Table of Contents
dCache Tier I meeting June 8, 2010
[part of a series of meetings]
Present
dCache.org(), IN2P3(), Sara(), Triumf(Simon), BNL(), NDGF(), PIC(Gerard), GridKa(Doris), Fermi(), CERN()
Agenda
(see box on the other side)
Site reports
PIC
We have no new issues.
Last issue is tape production.
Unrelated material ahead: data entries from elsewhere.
lemma concave_modulus_lincomb:
  assumes f: "concave_modulus f" and g: "concave_modulus g" and ab: "0 \<le> a" "0 \<le> b"
  shows "concave_modulus (\<lambda>t. a * f t + b * g t)"
  unfolding concave_modulus_def
proof (intro conjI allI impI)
  show "concave_on {0..} (\<lambda>t. a * f t + b * g t)"
    using f g ab unfolding concave_modulus_def by (intro concave_on_add concave_on_cmul) auto
  show "mono_on {0..} (\<lambda>t. a * f t + b * g t)"
  proof (rule mono_onI)
    fix s t :: real assume "s \<in> {0..}" "t \<in> {0..}" "s \<le> t"
    moreover have "mono_on {0..} f" "mono_on {0..} g" using f g by (simp_all add: concave_modulus_def)
    ultimately have "f s \<le> f t" "g s \<le> g t" by (simp_all add: mono_onD)
    then show "a * f s + b * g s \<le> a * f t + b * g t"
      using ab by (intro add_mono mult_left_mono)
  qed
  have "f 0 = 0" "g 0 = 0" "\<And>t. 0 \<le> t \<Longrightarrow> 0 \<le> f t \<and> 0 \<le> g t"
    using f g unfolding concave_modulus_def by simp_all
  then show "a * f 0 + b * g 0 = 0" "\<And>t. 0 \<le> t \<Longrightarrow> 0 \<le> a * f t + b * g t"
    using ab by simp_all
qed
lemma same_skeleton_variant_resultants:
  assumes D: "follows_skeleton P G0 s G c \<xi> \<theta>" and D': "follows_skeleton P G0 s G' c' \<xi>' \<theta>'"
  shows "k \<le> length s \<Longrightarrow> \<exists>\<rho>. renaming \<rho> \<and> subst_goal \<rho> (resultant G0 G \<theta> k) = resultant G0 G' \<theta>' k"
proof (induction k)
  case 0
  then show ?case
    using D D' renaming_Var by (auto simp: follows_skeleton_def sld_derivation_upto_def resultant_def)
next
  case (Suc k)
  then obtain \<rho> where \<rho>: "renaming \<rho>" "subst_goal \<rho> (resultant G0 G \<theta> k) = resultant G0 G' \<theta>' k"
    by auto
  let ?i = "fst (s ! k)"
  have k: "k < length s"
    using Suc.prems by simp
  have "c k = snd (s ! k)" and step: "sld_step_at P (G k) (c k) (\<xi> k) (\<theta> k) (G (Suc k)) ?i"
    using D k unfolding follows_skeleton_def by blast+
  moreover have "c' k = snd (s ! k)" and "sld_step_at P (G' k) (c' k) (\<xi>' k) (\<theta>' k) (G' (Suc k)) ?i"
    using D' k unfolding follows_skeleton_def by blast+
  ultimately have cc: "c' k = c k" and step': "sld_step_at P (G' k) (c' k) (\<xi>' k) (\<theta>' k) (G' (Suc k)) ?i"
    by simp_all
  have apart: "vars_clause (subst_clause (\<xi> k) (c k)) \<inter> vars_goal (resultant G0 G \<theta> k) = {}"
    and apart': "vars_clause (subst_clause (\<xi>' k) (c k)) \<inter> vars_goal (resultant G0 G' \<theta>' k) = {}"
    using clause_copy_apart_resultant[OF _ k] D D' cc unfolding follows_skeleton_def by metis+
  from variant_resolvents[OF \<rho> _ _ _ apart apart', of "length G0 + ?i" "\<theta> k" "\<theta>' k"] step step'[unfolded cc]
  obtain \<rho>' where "renaming \<rho>'" "subst_goal \<rho>' (resolvent (length G0 + ?i) (resultant G0 G \<theta> k) (c k) (\<xi> k) (\<theta> k))
      = resolvent (length G0 + ?i) (resultant G0 G' \<theta>' k) (c k) (\<xi>' k) (\<theta>' k)"
    by (auto simp: sld_step_at_def relevant_mgu_def length_resultant nth_resultant)
  then show ?case
    using resultant_Suc[where G = G and c = c and \<xi> = \<xi> and \<theta> = \<theta>, OF step]
      resultant_Suc[where G = G' and c = c' and \<xi> = \<xi>' and \<theta> = \<theta>', OF step'] cc
    by auto
qed
(* For every real $p\ge1$ there exist constants $c_p,c_p'>0$, independent of $L$, such that for all integers $L\ge1$, \[ c_p\le E_Q\big[(\bar\tau^{(L)}_1)^p\big]^{1/p}\le c_p',\qquad\text{where }\bar\tau^{(L)}_1=4^{-L}\tau^{(L)}_1. \]
   Context: $\epsilon=(\epsilon_1,\epsilon_2,\dots)\in\{-1,0,1\}^{\mathbb{N}}$ has product law $Q$ with $Q(\epsilon_1=1)=Q(\epsilon_1=-1)=\tfrac14$, $Q(\epsilon_1=0)=\tfrac12$. For an integer $L\ge1$, $\tau^{(L)}_0=0$ and for $n\ge1$, $\tau^{(L)}_n=\inf\{j\ge\tau^{(L)}_{n-1}+L:\ (\epsilon_{j-L},\dots,\epsilon_{j-1})=(1,\dots,1),\ \epsilon_j\in\{-1,0\}\}$. *)

theory Defs
  imports "HOL-Probability.Probability"
begin

definition eps_pmf :: "int pmf" where
  "eps_pmf = pmf_of_multiset {#-1, 0, 0, 1#}"

text \<open>Product law Q on sequences. The sequence is indexed from 0:
  w i stands for the paper's epsilon_(i+1).\<close>
definition Q :: "(nat \<Rightarrow> int) measure" where
  "Q = (\<Pi>\<^sub>M i\<in>(UNIV::nat set). measure_pmf eps_pmf)"

definition eps :: "(nat \<Rightarrow> int) \<Rightarrow> nat \<Rightarrow> int" where
  "eps w k = w (k - 1)"
definition dirichlet_laplacian_eig :: "real \<Rightarrow> bool" where
  "dirichlet_laplacian_eig lam \<longleftrightarrow>
     (\<exists>ds. has_derivs 2 ds \<and>
        (\<forall>x\<in>{0<..<1}. - ds 2 x = lam * ds 0 x) \<and>
        ds 0 0 = 0 \<and> ds 0 1 = 0 \<and>
        (\<exists>x\<in>{0<..<1}. ds 0 x \<noteq> 0))"

definition buckling_eig :: "real \<Rightarrow> bool" where
  "buckling_eig \<sigma> \<longleftrightarrow>
     (\<exists>ds. has_derivs 4 ds \<and>
        (\<forall>x\<in>{0<..<1}. ds 4 x = - \<sigma> * ds 2 x) \<and>
        ds 0 0 = 0 \<and> ds 1 0 = 0 \<and> ds 0 1 = 0 \<and> ds 1 1 = 0 \<and>
        (\<exists>x\<in>{0<..<1}. ds 0 x \<noteq> 0))"

definition dirichlet_bilaplacian_eig :: "real \<Rightarrow> bool" where
  "dirichlet_bilaplacian_eig \<Lambda> \<longleftrightarrow>
     (\<exists>ds. has_derivs 4 ds \<and>
        (\<forall>x\<in>{0<..<1}. ds 4 x = \<Lambda> * ds 0 x) \<and>
        ds 0 0 = 0 \<and> ds 1 0 = 0 \<and> ds 0 1 = 0 \<and> ds 1 1 = 0 \<and>
        (\<exists>x\<in>{0<..<1}. ds 0 x \<noteq> 0))"

definition jth_eig :: "(real \<Rightarrow> bool) \<Rightarrow> nat \<Rightarrow> real" where
  "jth_eig P j = (THE \<mu>. P \<mu> \<and> finite {\<nu>. P \<nu> \<and> \<nu> < \<mu>} \<and> card {\<nu>. P \<nu> \<and> \<nu> < \<mu>} = j - 1)"

end

(*
  All three spectra are computed explicitly. A nonpositive eigenvalue is excluded by an
  energy identity (integration by parts in disguise); for a positive one, uniqueness for
  linear ODEs with zero initial data (a Gronwall estimate on the sum of the squares of the
  derivatives) puts the eigenfunction into a two-dimensional family of explicit solutions,
  and the boundary conditions at 1 become a characteristic equation:
    lambda = k^2 with sin k = 0, so lambda_j = (j pi)^2;
    sigma = (2 t)^2 with sin t (sin t - t cos t) = 0; the roots m pi and the roots of
      tan t = t alternate, so sigma_j <= ((j + 1) pi)^2;
    Lambda = mu^4 with cos mu cosh mu = 1; the j-th positive root mu_j is the only one in
      [j pi + pi/3, j pi + 2 pi/3], where (-1)^j cos mu cosh mu is strictly decreasing.
  Evaluating cos mu cosh mu at mu = pi sqrt (j (j + 1)) shows that this point lies below
  mu_j, hence Lambda_j = mu_j^4 > pi^4 j^2 (j + 1)^2 >= lambda_j sigma_j.
*)

theory Submission
  imports Defs "HOL-Analysis.Complex_Transcendental"
begin

section \<open>Sequences of derivatives\<close>

lemma has_derivsD:
  "has_derivs n ds \<Longrightarrow> k < n \<Longrightarrow> (ds k has_real_derivative ds (Suc k) x) (at x)"
  unfolding has_derivs_def by blast

lemma has_derivs_2D:
  assumes "has_derivs 2 u"
  shows "(u 0 has_real_derivative u 1 x) (at x)" "(u 1 has_real_derivative u 2 x) (at x)"
  using has_derivsD[OF assms, of 0 x] has_derivsD[OF assms, of 1 x]
  by (simp_all add: eval_nat_numeral)

lemma has_derivs_4D:
  assumes "has_derivs 4 u"
  shows "(u 0 has_real_derivative u 1 x) (at x)" "(u 1 has_real_derivative u 2 x) (at x)"
    "(u 2 has_real_derivative u 3 x) (at x)" "(u 3 has_real_derivative u 4 x) (at x)"
  using has_derivsD[OF assms, of 0 x] has_derivsD[OF assms, of 1 x]
    has_derivsD[OF assms, of 2 x] has_derivsD[OF assms, of 3 x]
  by (simp_all add: eval_nat_numeral)

lemma has_derivs_mono: "has_derivs n ds \<Longrightarrow> m \<le> n \<Longrightarrow> has_derivs m ds"
  unfolding has_derivs_def by auto

lemma has_derivs_continuous_on:
  "has_derivs n ds \<Longrightarrow> k < n \<Longrightarrow> continuous_on S (ds k)"
  by (meson DERIV_isCont continuous_at_imp_continuous_on has_derivsD)

lemma has_derivs_add:
  "has_derivs n f \<Longrightarrow> has_derivs n g \<Longrightarrow> has_derivs n (\<lambda>k x. f k x + g k x)"
  unfolding has_derivs_def by (auto intro: derivative_intros)

lemma has_derivs_diff:
  "has_derivs n f \<Longrightarrow> has_derivs n g \<Longrightarrow> has_derivs n (\<lambda>k x. f k x - g k x)"
  unfolding has_derivs_def by (auto intro: derivative_intros)

lemma has_derivs_cmult: "has_derivs n f \<Longrightarrow> has_derivs n (\<lambda>k x. c * f k x)"
  unfolding has_derivs_def by (auto intro: DERIV_cmult)

fun cos_derivs :: "real \<Rightarrow> nat \<Rightarrow> real \<Rightarrow> real"
  and sin_derivs :: "real \<Rightarrow> nat \<Rightarrow> real \<Rightarrow> real" where
  "cos_derivs k 0 x = cos (k * x)"
| "cos_derivs k (Suc i) x = - k * sin_derivs k i x"
| "sin_derivs k 0 x = sin (k * x)"
| "sin_derivs k (Suc i) x = k * cos_derivs k i x"

fun cosh_derivs :: "real \<Rightarrow> nat \<Rightarrow> real \<Rightarrow> real"
  and sinh_derivs :: "real \<Rightarrow> nat \<Rightarrow> real \<Rightarrow> real" where
  "cosh_derivs k 0 x = cosh (k * x)"
| "cosh_derivs k (Suc i) x = k * sinh_derivs k i x"
| "sinh_derivs k 0 x = sinh (k * x)"
| "sinh_derivs k (Suc i) x = k * cosh_derivs k i x"

definition affine_derivs :: "real \<Rightarrow> real \<Rightarrow> nat \<Rightarrow> real \<Rightarrow> real" where
  "affine_derivs a b i x = (if i = 0 then a + b * x else if i = 1 then b else 0)"

lemma DERIV_cos_sin_derivs:
  "(cos_derivs k i has_real_derivative cos_derivs k (Suc i) x) (at x) \<and>
   (sin_derivs k i has_real_derivative sin_derivs k (Suc i) x) (at x)"
proof (induction i arbitrary: x)
  case 0
  show ?case by (auto intro!: derivative_eq_intros)
next
  case (Suc i)
  have c: "(cos_derivs k i has_real_derivative cos_derivs k (Suc i) x) (at x)"
    and s: "(sin_derivs k i has_real_derivative sin_derivs k (Suc i) x) (at x)"
    using Suc.IH by blast+
  have eqs: "cos_derivs k (Suc i) = (\<lambda>x. - k * sin_derivs k i x)"
    "sin_derivs k (Suc i) = (\<lambda>x. k * cos_derivs k i x)" by auto
  show ?case using DERIV_cmult[OF s, of "- k"] DERIV_cmult[OF c, of k]
    by (simp only: eqs cos_derivs.simps sin_derivs.simps)
qed

lemma DERIV_cosh_sinh_derivs:
  "(cosh_derivs k i has_real_derivative cosh_derivs k (Suc i) x) (at x) \<and>
   (sinh_derivs k i has_real_derivative sinh_derivs k (Suc i) x) (at x)"
proof (induction i arbitrary: x)
  case 0
  show ?case by (auto intro!: derivative_eq_intros)
next
  case (Suc i)
  have c: "(cosh_derivs k i has_real_derivative cosh_derivs k (Suc i) x) (at x)"
    and s: "(sinh_derivs k i has_real_derivative sinh_derivs k (Suc i) x) (at x)"
    using Suc.IH by blast+
  have eqs: "cosh_derivs k (Suc i) = (\<lambda>x. k * sinh_derivs k i x)"
    "sinh_derivs k (Suc i) = (\<lambda>x. k * cosh_derivs k i x)" by auto
  show ?case using DERIV_cmult[OF s, of k] DERIV_cmult[OF c, of k]
    by (simp only: eqs cosh_derivs.simps sinh_derivs.simps)
qed

lemma has_derivs_cos_derivs: "has_derivs n (cos_derivs k)"
  and has_derivs_sin_derivs: "has_derivs n (sin_derivs k)"
  and has_derivs_cosh_derivs: "has_derivs n (cosh_derivs k)"
  and has_derivs_sinh_derivs: "has_derivs n (sinh_derivs k)"
  unfolding has_derivs_def using DERIV_cos_sin_derivs DERIV_cosh_sinh_derivs by blast+

lemma has_derivs_affine_derivs: "has_derivs n (affine_derivs a b)"
  unfolding has_derivs_def
proof (intro allI impI)
  fix k x
  have "affine_derivs a b 0 = (\<lambda>x. a + b * x)"
    "affine_derivs a b (Suc j) = (\<lambda>x. if j = 0 then b else 0)" for j
    by (auto simp: affine_derivs_def)
  then show "(affine_derivs a b k has_real_derivative affine_derivs a b (Suc k) x) (at x)"
    by (cases k) (auto intro!: derivative_eq_intros)
qed

section \<open>Linear ODEs on the unit interval\<close>

lemma DERIV_nonpos_interior_imp_nonincreasing:
  fixes F F' :: "real \<Rightarrow> real"
  assumes "\<And>x. (F has_real_derivative F' x) (at x)" "\<And>x. x \<in> {a<..<b} \<Longrightarrow> F' x \<le> 0"
    and "a \<le> x" "x \<le> y" "y \<le> b"
  shows "F y \<le> F x"
proof (cases "x = y")
  case False
  with assms obtain z where z: "x < z" "z < y" "F y - F x = (y - x) * F' z"
    using MVT2[of x y F F'] by force
  have "(y - x) * F' z \<le> 0"
    using assms z by (intro mult_nonneg_nonpos) auto
  with z show ?thesis by linarith
qed simp

lemma DERIV_nonpos_eq_ends_imp_zero:
  fixes F F' :: "real \<Rightarrow> real"
  assumes deriv: "\<And>x. (F has_real_derivative F' x) (at x)"
    and nonpos: "\<And>x. x \<in> {a<..<b} \<Longrightarrow> F' x \<le> 0"
    and ends: "F a = F b" and x: "x \<in> {a<..<b}"
  shows "F' x = 0"
proof (rule DERIV_local_const[OF deriv])
  have const: "F y = F a" if "a \<le> y" "y \<le> b" for y
    using DERIV_nonpos_interior_imp_nonincreasing[OF deriv nonpos, of a y]
      DERIV_nonpos_interior_imp_nonincreasing[OF deriv nonpos, of y b] that ends by fastforce
  show "0 < min (x - a) (b - x)" using x by auto
  show "\<forall>y. \<bar>x - y\<bar> < min (x - a) (b - x) \<longrightarrow> F x = F y"
  proof (intro allI impI)
    fix y assume "\<bar>x - y\<bar> < min (x - a) (b - x)"
    then have "a \<le> y" "y \<le> b" by auto
    with x show "F x = F y" using const[of x] const[of y] by auto
  qed
qed

lemma gronwall_zero:
  fixes E E' :: "real \<Rightarrow> real"
  assumes deriv: "\<And>x. (E has_real_derivative E' x) (at x)"
    and growth: "\<And>x. x \<in> {a<..<b} \<Longrightarrow> E' x \<le> K * E x"
    and nonneg: "\<And>x. x \<in> {a..b} \<Longrightarrow> 0 \<le> E x" and "E a = 0" and x: "x \<in> {a..b}"
  shows "E x = 0"
proof -
  define H where "H x = E x * exp (- K * x)" for x
  have H_deriv: "(H has_real_derivative (E' y - K * E y) * exp (- K * y)) (at y)" for y
    unfolding H_def by (auto intro!: derivative_eq_intros deriv simp: algebra_simps)
  have H_nonpos: "(E' y - K * E y) * exp (- K * y) \<le> 0" if "y \<in> {a<..<b}" for y
    using growth[OF that] by (simp add: mult_nonpos_nonneg)
  have "H x \<le> H a"
    using x by (intro DERIV_nonpos_interior_imp_nonincreasing[OF H_deriv H_nonpos]) auto
  then have "E x \<le> 0" using \<open>E a = 0\<close> by (simp add: H_def mult_le_0_iff)
  with nonneg[OF x] show ?thesis by simp
qed

lemma linear_ode_zero_initial_data:
  fixes u :: "nat \<Rightarrow> real \<Rightarrow> real" and a :: "nat \<Rightarrow> real"
  assumes u: "has_derivs n u"
    and ode: "\<And>x. x \<in> {0<..<1} \<Longrightarrow> u n x = (\<Sum>i<n. a i * u i x)"
    and init: "\<And>i. i < n \<Longrightarrow> u i 0 = 0"
    and k: "k < n" and x: "x \<in> {0..1}"
  shows "u k x = 0"
proof -
  define E where "E x = (\<Sum>i<n. (u i x)\<^sup>2)" for x
  define E' where "E' x = (\<Sum>i<n. 2 * u i x * u (Suc i) x)" for x
  define A where "A = (\<Sum>i<n. (a i)\<^sup>2)"
  have deriv: "(E has_real_derivative E' x) (at x)" for x
    unfolding E_def E'_def
  proof (rule DERIV_sum)
    fix i assume "i \<in> {..<n}"
    then show "((\<lambda>x. (u i x)\<^sup>2) has_real_derivative 2 * u i x * u (Suc i) x) (at x)"
      using has_derivsD[OF u, of i x] by (auto intro!: derivative_eq_intros)
  qed
  have growth: "E' x \<le> (2 + A) * E x" if "x \<in> {0<..<1}" for x
  proof -
    have "E' x \<le> (\<Sum>i<n. (u i x)\<^sup>2 + (u (Suc i) x)\<^sup>2)"
      unfolding E'_def by (intro sum_mono) (simp add: sum_squares_bound)
    also have "\<dots> = E x + (\<Sum>i<n. (u (Suc i) x)\<^sup>2)"
      by (simp add: E_def sum.distrib)
    also have "(\<Sum>i<n. (u (Suc i) x)\<^sup>2) \<le> E x + (u n x)\<^sup>2"
    proof -
      have "(u 0 x)\<^sup>2 + (\<Sum>i<n. (u (Suc i) x)\<^sup>2) = E x + (u n x)\<^sup>2"
        using sum.lessThan_Suc_shift[of "\<lambda>i. (u i x)\<^sup>2" n] by (simp add: E_def)
      then show ?thesis using zero_le_power2[of "u 0 x"] by linarith
    qed
    also have "(u n x)\<^sup>2 \<le> A * E x"
      unfolding ode[OF that] E_def A_def by (rule Cauchy_Schwarz_ineq_sum)
    finally show ?thesis by (simp add: distrib_right)
  qed
  have "E x = 0"
    by (rule gronwall_zero[OF deriv growth _ _ x]) (auto simp: E_def init intro: sum_nonneg)
  moreover have "(u k x)\<^sup>2 \<le> E x"
    unfolding E_def using k by (intro member_le_sum) auto
  ultimately show ?thesis by simp
qed

lemma has_derivs_nontrivial_if_deriv_at_0:
  assumes ds: "has_derivs n ds" and k: "k < n" and nonzero: "ds k 0 \<noteq> 0"
  shows "\<exists>x\<in>{0<..<1}. ds 0 x \<noteq> 0"
proof (rule ccontr)
  assume "\<not> ?thesis"
  then have vanish: "ds 0 x = 0" if "x \<in> {0<..<1}" for x
    using that by blast
  have "ds i x = 0" if "i \<le> k" "x \<in> {0<..<1}" for i x
    using that
  proof (induction i arbitrary: x)
    case (Suc i)
    show ?case
    proof (rule DERIV_local_const[OF has_derivsD[OF ds]])
      show "i < n" using Suc k by simp
      show "0 < min x (1 - x)" using Suc by auto
      show "\<forall>y. \<bar>x - y\<bar> < min x (1 - x) \<longrightarrow> ds i x = ds i y"
        using Suc by (auto simp: abs_if split: if_splits)
    qed
  qed (use vanish in simp)
  then have "\<forall>\<^sub>F x in at_right 0. ds k x = 0"
    using eventually_at_right_real[of 0 1] by (auto elim: eventually_mono)
  then have "(ds k \<longlongrightarrow> 0) (at_right 0)" by (rule tendsto_eventually)
  moreover have "(ds k \<longlongrightarrow> ds k 0) (at_right 0)"
    using DERIV_isCont[OF has_derivsD[OF ds k]] by (simp add: isCont_def filterlim_at_split)
  ultimately show False
    using tendsto_unique[OF trivial_limit_at_right_real] nonzero by blast
qed
theorem matroid_tutte_coeff_bound:
  assumes "matroid E I" and "i \<le> matroid_rank I"
  shows "tutte_coeff_bound E I i"
  using assms
proof (induction "card E" arbitrary: E I rule: less_induct)
  case less
  interpret matroid E I
    by (rule less.prems(1))
  consider "i = matroid_rank I" | "E \<in> I" | "i < matroid_rank I" "E \<notin> I"
    using less.prems(2) by linarith
  then show ?case
  proof cases
    case 1
    then show ?thesis
      using tutte_coeff_bound_rank by simp
  next
    case 2
    then show ?thesis
      using tutte_coeff_bound_free rank_le_card_ground less.prems(2) by simp
  next
    case 3
    obtain B where B: "B \<in> I" "card B = matroid_rank I"
      by (rule rank_attained)
    \<comment> \<open>an element outside a basis is not a coloop\<close>
    obtain e where e: "e \<in> E" "e \<notin> B"
      using indep_subset_ground[OF B(1)] B(1) 3(2) by (metis subsetI subset_antisym)
    have non_coloop: "insert e B \<notin> I"
      using card_le_rank[of "insert e B"] B indep_finite e(2) by auto
    have smaller: "card (E - {e}) < card E"
      by (rule card_Diff1_less[OF finite_ground e(1)])
    show ?thesis
    proof (cases "{e} \<in> I")
      case False
      then show ?thesis
        using tutte_coeff_bound_loop[OF e(1) False 3(1)]
          less.hyps[OF smaller matroid_remove_loop[OF False] less.prems(2)] by blast
    next
      case True
      have "tutte_coeff_bound (E - {e}) (matroid_delete I e) i"
        using less.hyps[OF smaller matroid_matroid_delete] less.prems(2)
        by (simp add: rank_matroid_delete[OF B(1) non_coloop])
      moreover have "tutte_coeff_bound (E - {e}) (matroid_contract I e) i"
        using less.hyps[OF smaller matroid_matroid_contract[OF True]] 3(1)
        by (simp add: rank_matroid_contract[OF True])
      ultimately show ?thesis
        using tutte_coeff_bound_delete_contract[OF e(1) True B(1) non_coloop 3(1)] by blast
    qed
  qed
qed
Running 1.9.5-20 RC-1 already acknolwdge bug with dcap mover dies when there's too much activity.
Issue arose 1 week after
Restarting door solved the issue.
Tigran to send a link to a new RPM that should verify that the problem is Bug in re-reading file, but this should only happen when file is updated. PIC reported that the file may have
What is the file's last modification date? stage.conf .. last modified 2 June 11:57.
FZK
Not so bad.
Last week promised to open a bug about the SRM
Downtime changed ATLAS instance from kpwd auth method to using gridmap method. We forgot one group-and-role from the linkgroup-authorisation file. Do we need to restart the SRM after modifying this?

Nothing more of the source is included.